== Information provided ==
lemma mutual_information_coset_coding:
  fixes \<psi> :: "'x::finite \<Rightarrow> 'v::ab_group_add" and F :: "'v \<Rightarrow> 'y::{finite,ab_group_add}"
  assumes "1 < b"
    and F_add: "\<And>u v. F (u + v) = F u + F v"
    and C1: "\<And>u v. u \<in> C1 \<Longrightarrow> v \<in> C1 \<Longrightarrow> u - v \<in> C1"
    and C2: "\<And>u v. u \<in> C2 \<Longrightarrow> v \<in> C2 \<Longrightarrow> u - v \<in> C2" "finite C2" "C2 \<noteq> {}"
    and coset_bij: "bij_betw (\<lambda>(x, D). \<psi> x + D) (UNIV \<times> C2) C1"
  shows "prob_space.mutual_information
      (measure_pmf (pair_pmf (pmf_of_set UNIV) (pmf_of_set C2))) b (count_space UNIV) (count_space UNIV)
      (\<lambda>(x, D). x) (\<lambda>(x, D). F (\<psi> x + D))
    = log b (card (F ` C1) / card (F ` C2))"
proof -
  define \<Omega> where "\<Omega> = (UNIV :: 'x set) \<times> C2"
  define X where "X = (\<lambda>(x::'x, D::'v). x)"
  define Y where "Y = (\<lambda>(x, D). F (\<psi> x + D))"
  define K1 K2 where "K1 = card {c\<in>C1. F c = 0}" and "K2 = card {D\<in>C2. F D = 0}"
  have \<Omega>: "finite \<Omega>" "\<Omega> \<noteq> {}" "card \<Omega> = card C1"
    using C2 bij_betw_same_card[OF coset_bij] by (auto simp: \<Omega>_def)
  have image_C1: "card (F ` C1) * K1 = card C1"
    unfolding K1_def using F_add C1 bij_betw_finite[OF coset_bij] C2(2)
    by (intro card_image_mult_card_kernel) auto
  have image_C2: "card (F ` C2) * K2 = card C2"
    unfolding K2_def using F_add C2(1,2) by (rule card_image_mult_card_kernel)
  have "card C1 \<noteq> 0" "card C2 \<noteq> 0" using \<Omega> C2(2,3) by auto
  then have "K1 \<noteq> 0" "K2 \<noteq> 0" "card (F ` C1) \<noteq> 0" "card (F ` C2) \<noteq> 0"
    using image_C1 image_C2 by (metis mult_zero_left mult_zero_right)+
  moreover have "real (card \<Omega>) = card (F ` C1) * K1" "real (card C2) = card (F ` C2) * K2"
    using image_C1 image_C2 \<Omega>(3) by (simp_all flip: of_nat_mult)
  ultimately have counts_ratio:
    "(K2 / card \<Omega>) / ((card C2 / card \<Omega>) * (K1 / card \<Omega>)) = card (F ` C1) / card (F ` C2)"
    by (simp add: field_simps)
  have ratio: "pmf (map_pmf (\<lambda>\<omega>. (X \<omega>, Y \<omega>)) (pmf_of_set \<Omega>)) (x, y)
      / (pmf (map_pmf X (pmf_of_set \<Omega>)) x * pmf (map_pmf Y (pmf_of_set \<Omega>)) y)
      = card (F ` C1) / card (F ` C2)"
    if joint_positive: "pmf (map_pmf (\<lambda>\<omega>. (X \<omega>, Y \<omega>)) (pmf_of_set \<Omega>)) (x, y) \<noteq> 0" for x y
  proof -
    have "{\<omega>\<in>\<Omega>. X \<omega> = x \<and> Y \<omega> = y} \<noteq> {}"
      using joint_positive by (auto simp: pmf_map_pmf_of_set[OF \<Omega>(1,2)] simp del: Collect_empty_eq)
    then obtain D0 where "D0 \<in> C2" "y = F (\<psi> x + D0)"
      by (auto simp: \<Omega>_def X_def Y_def)
    then have "card {\<omega>\<in>\<Omega>. X \<omega> = x \<and> Y \<omega> = y} = K2" "card {\<omega>\<in>\<Omega>. Y \<omega> = y} = K1"
      using card_fibres_coset_coding[OF F_add C1 C2(1) coset_bij, of D0 x]
      by (simp_all add: \<Omega>_def X_def Y_def K1_def K2_def case_prod_beta')
    moreover have "{\<omega>\<in>\<Omega>. X \<omega> = x} = Pair x ` C2" by (auto simp: \<Omega>_def X_def)
    then have "card {\<omega>\<in>\<Omega>. X \<omega> = x} = card C2" by (simp add: card_image inj_on_def)
    ultimately have "pmf (map_pmf (\<lambda>\<omega>. (X \<omega>, Y \<omega>)) (pmf_of_set \<Omega>)) (x, y)
        / (pmf (map_pmf X (pmf_of_set \<Omega>)) x * pmf (map_pmf Y (pmf_of_set \<Omega>)) y)
        = (K2 / card \<Omega>) / ((card C2 / card \<Omega>) * (K1 / card \<Omega>))"
      by (simp add: pmf_map_pmf_of_set[OF \<Omega>(1,2)])
    then show ?thesis unfolding counts_ratio .
  qed
  have "pair_pmf (pmf_of_set UNIV) (pmf_of_set C2) = pmf_of_set \<Omega>"
    unfolding \<Omega>_def using C2 by (intro pair_pmf_of_set) auto
  then show ?thesis
    using mutual_information_pmf_constant_ratio[OF assms(1) ratio] by (simp add: X_def Y_def)
qed

theorem proposition4:
  fixes C1 C2 W :: "('a::{finite,field}^'n^'m) set"
    and \<psi> :: "'a^'l \<Rightarrow> 'a^'n^'m"
    and B :: "'a^'n^'u"
  assumes C1: "msubspace C1" and C2: "msubspace C2" and strict: "C2 \<subset> C1"
    and W: "msubspace W" and W_sub: "W \<subseteq> C1" and W_inter: "C2 \<inter> W = {0}"
    and sum: "C1 = {c + w | c w. c \<in> C2 \<and> w \<in> W}"
    and l_card: "CARD('l) = mdim C1 - mdim C2"
    and psi_lin: "Vector_Spaces.linear (*s) mscale \<psi>"
    and psi_inj: "inj \<psi>" and psi_im: "range \<psi> = W"
  shows "prob_space.mutual_information
           (measure_pmf (pair_pmf (pmf_of_set (UNIV :: ('a^'l) set)) (pmf_of_set C2)))
           (real CARD('a)) (count_space UNIV) (count_space UNIV)
           (\<lambda>(x, D). x) (\<lambda>(x, D). (\<psi> x + D) ** transpose B)
         = real (mdim (dual_code C2 \<inter> V_of (row_space B)))
           - real (mdim (dual_code C1 \<inter> V_of (row_space B)))"
proof -
  let ?F = "\<lambda>c::'a^'n^'m. c ** transpose B"
  let ?X = "\<lambda>C. dual_code C \<inter> V_of (row_space B)"
  have q: "1 < real CARD('a)"
    using card_mono[of UNIV "{0::'a, 1}"] by simp
  have coset_bij: "bij_betw (\<lambda>(x, D). \<psi> x + D) (UNIV \<times> C2) C1"
    by (rule bij_betw_direct_sum[OF psi_inj psi_im mv.subspace_diff[OF C2] mv.subspace_diff[OF W]
          W_inter sum])
  have "prob_space.mutual_information
           (measure_pmf (pair_pmf (pmf_of_set (UNIV :: ('a^'l) set)) (pmf_of_set C2)))
           (real CARD('a)) (count_space UNIV) (count_space UNIV)
           (\<lambda>(x, D). x) (\<lambda>(x, D). (\<psi> x + D) ** transpose B)
      = log (real CARD('a)) (card (?F ` C1) / card (?F ` C2))"
    using mv.subspace_0[OF C2]
    by (intro mutual_information_coset_coding[where F = ?F, OF q matrix_add_rdistrib
          mv.subspace_diff[OF C1] mv.subspace_diff[OF C2] _ _ coset_bij]) auto
  also have "card (?F ` C1) / card (?F ` C2) = card (?X C2) / card (?X C1)"
    by (rule card_image_ratio_eq_card_dual_code_ratio[OF C1 C2])
  also have "\<dots> = real CARD('a) ^ mdim (?X C2) / real CARD('a) ^ mdim (?X C1)"
    by (simp add: mv.card_subspace msubspace_dual_code_inter_V_of_row_space)
  finally show ?thesis
    using q by (simp add: log_divide log_nat_power)
qed

end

== Exercise objective ==
Every line that contains "assumes" should be copied out of the data.

== Exercise response ==
  assumes "1 < b"
  assumes C1: "msubspace C1" and C2: "msubspace C2" and strict: "C2 \<subset> C1"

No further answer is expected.